GIVEN INFORMATION START

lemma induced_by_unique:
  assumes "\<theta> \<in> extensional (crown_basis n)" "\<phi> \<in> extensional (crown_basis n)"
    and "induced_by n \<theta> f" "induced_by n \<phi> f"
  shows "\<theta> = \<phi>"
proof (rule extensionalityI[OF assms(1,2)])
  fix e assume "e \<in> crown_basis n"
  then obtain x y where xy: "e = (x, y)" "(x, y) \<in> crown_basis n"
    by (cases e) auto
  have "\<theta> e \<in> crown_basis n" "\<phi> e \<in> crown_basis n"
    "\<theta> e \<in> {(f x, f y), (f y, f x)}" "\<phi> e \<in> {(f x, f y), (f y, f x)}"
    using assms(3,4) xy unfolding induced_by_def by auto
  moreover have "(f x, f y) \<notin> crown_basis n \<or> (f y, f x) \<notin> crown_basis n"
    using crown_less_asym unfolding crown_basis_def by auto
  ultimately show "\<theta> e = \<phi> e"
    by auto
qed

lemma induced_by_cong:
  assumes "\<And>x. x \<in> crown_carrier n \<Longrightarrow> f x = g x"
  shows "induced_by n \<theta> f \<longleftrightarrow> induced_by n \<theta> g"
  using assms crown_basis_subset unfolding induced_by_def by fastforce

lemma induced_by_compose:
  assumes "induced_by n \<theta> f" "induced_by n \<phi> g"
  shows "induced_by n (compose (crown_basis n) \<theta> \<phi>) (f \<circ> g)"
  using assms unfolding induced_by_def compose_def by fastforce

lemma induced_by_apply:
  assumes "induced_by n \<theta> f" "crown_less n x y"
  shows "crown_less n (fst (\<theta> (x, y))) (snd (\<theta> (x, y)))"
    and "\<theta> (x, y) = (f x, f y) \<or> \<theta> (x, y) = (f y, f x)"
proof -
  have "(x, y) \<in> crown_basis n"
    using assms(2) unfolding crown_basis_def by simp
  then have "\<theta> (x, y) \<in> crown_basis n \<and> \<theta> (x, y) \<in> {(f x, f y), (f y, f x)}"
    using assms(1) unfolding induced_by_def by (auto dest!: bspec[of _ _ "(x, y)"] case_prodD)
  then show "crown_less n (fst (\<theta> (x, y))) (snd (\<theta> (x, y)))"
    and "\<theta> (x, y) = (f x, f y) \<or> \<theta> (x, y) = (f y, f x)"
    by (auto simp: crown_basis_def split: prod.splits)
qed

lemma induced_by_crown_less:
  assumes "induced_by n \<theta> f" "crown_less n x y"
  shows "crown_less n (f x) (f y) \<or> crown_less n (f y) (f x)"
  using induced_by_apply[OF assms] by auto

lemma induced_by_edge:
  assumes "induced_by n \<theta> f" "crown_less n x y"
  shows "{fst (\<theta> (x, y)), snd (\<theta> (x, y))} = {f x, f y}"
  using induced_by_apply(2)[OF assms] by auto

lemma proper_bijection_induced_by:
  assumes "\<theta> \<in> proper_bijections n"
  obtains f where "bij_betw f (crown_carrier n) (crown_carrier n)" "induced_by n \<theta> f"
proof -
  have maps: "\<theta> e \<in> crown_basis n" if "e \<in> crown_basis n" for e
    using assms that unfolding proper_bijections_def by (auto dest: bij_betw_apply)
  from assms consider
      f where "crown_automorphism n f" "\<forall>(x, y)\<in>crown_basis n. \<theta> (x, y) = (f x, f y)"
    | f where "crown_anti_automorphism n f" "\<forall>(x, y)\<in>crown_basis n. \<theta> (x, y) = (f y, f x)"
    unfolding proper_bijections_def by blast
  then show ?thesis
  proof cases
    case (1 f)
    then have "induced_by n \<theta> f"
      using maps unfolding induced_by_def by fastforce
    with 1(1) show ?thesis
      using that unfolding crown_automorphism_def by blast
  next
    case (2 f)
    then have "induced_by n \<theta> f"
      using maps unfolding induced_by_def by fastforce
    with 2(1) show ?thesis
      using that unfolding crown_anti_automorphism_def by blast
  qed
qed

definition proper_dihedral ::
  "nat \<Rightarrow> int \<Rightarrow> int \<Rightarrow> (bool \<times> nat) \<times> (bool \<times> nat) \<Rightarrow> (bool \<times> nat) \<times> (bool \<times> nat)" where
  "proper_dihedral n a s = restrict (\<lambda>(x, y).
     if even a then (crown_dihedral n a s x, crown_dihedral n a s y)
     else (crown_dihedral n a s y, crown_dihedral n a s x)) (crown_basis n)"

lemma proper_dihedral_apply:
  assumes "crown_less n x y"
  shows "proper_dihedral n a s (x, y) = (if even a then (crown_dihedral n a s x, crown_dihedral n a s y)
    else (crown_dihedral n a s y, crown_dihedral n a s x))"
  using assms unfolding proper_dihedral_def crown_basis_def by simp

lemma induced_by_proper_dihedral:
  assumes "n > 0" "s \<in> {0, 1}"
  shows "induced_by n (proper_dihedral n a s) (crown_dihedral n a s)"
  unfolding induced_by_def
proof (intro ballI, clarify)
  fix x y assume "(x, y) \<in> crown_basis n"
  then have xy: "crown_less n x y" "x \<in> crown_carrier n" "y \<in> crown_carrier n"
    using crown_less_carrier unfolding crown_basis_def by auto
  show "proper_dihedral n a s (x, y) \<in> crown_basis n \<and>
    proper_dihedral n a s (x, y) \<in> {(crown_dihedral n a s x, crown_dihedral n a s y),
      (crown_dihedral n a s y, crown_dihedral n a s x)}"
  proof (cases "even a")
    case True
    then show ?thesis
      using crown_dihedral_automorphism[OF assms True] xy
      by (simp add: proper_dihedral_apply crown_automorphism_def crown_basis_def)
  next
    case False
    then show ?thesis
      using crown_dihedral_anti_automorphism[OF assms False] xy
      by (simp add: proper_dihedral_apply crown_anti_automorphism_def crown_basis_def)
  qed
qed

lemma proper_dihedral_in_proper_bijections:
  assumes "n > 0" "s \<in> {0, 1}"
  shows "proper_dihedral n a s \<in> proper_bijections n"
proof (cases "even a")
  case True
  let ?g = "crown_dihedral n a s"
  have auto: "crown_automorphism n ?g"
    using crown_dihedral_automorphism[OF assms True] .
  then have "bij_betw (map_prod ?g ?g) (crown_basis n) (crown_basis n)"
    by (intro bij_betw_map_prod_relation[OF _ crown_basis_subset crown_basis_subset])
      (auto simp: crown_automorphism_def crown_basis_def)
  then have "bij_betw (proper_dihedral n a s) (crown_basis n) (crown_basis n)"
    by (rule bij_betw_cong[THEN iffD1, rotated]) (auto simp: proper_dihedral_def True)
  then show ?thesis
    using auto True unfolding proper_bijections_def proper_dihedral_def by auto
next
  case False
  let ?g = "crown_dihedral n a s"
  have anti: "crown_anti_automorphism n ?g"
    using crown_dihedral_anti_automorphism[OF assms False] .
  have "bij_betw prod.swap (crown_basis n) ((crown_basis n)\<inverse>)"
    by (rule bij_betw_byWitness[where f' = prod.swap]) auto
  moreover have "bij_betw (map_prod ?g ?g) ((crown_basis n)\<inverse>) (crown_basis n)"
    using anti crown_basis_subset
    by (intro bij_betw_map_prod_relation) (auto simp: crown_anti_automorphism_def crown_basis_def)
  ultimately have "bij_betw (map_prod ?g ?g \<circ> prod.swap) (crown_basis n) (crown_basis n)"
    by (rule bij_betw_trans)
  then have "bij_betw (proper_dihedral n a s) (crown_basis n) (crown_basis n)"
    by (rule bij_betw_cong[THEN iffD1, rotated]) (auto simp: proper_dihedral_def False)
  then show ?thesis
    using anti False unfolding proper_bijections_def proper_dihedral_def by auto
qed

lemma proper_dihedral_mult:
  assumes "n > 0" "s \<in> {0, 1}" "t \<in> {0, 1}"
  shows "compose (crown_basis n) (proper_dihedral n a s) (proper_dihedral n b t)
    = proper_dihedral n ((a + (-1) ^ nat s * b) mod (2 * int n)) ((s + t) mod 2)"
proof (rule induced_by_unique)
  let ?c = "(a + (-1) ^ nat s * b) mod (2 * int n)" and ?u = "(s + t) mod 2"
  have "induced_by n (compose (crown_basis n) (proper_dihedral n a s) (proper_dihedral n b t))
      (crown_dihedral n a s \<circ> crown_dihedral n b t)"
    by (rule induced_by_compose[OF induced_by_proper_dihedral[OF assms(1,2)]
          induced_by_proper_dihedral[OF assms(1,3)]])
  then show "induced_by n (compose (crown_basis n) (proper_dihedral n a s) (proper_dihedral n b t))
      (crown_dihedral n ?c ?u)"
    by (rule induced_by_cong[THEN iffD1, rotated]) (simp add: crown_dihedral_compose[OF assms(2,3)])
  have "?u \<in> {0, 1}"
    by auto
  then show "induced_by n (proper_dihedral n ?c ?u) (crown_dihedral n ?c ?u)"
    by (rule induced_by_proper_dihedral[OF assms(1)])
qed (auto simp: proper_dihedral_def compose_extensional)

GIVEN INFORMATION END

### PROBLEM DETAILS
Please transcribe only the lines in the records above running from the line that has "using assms(3,4) xy" through the line that has "crown_carrier n \<Longrightarrow>", both included, exactly as they appear.

### OUTPUT BELOW
    using assms(3,4) xy unfolding induced_by_def by auto
  moreover have "(f x, f y) \<notin> crown_basis n \<or> (f y, f x) \<notin> crown_basis n"
    using crown_less_asym unfolding crown_basis_def by auto
  ultimately show "\<theta> e = \<phi> e"
    by auto
qed

lemma induced_by_cong:
  assumes "\<And>x. x \<in> crown_carrier n \<Longrightarrow> f x = g x"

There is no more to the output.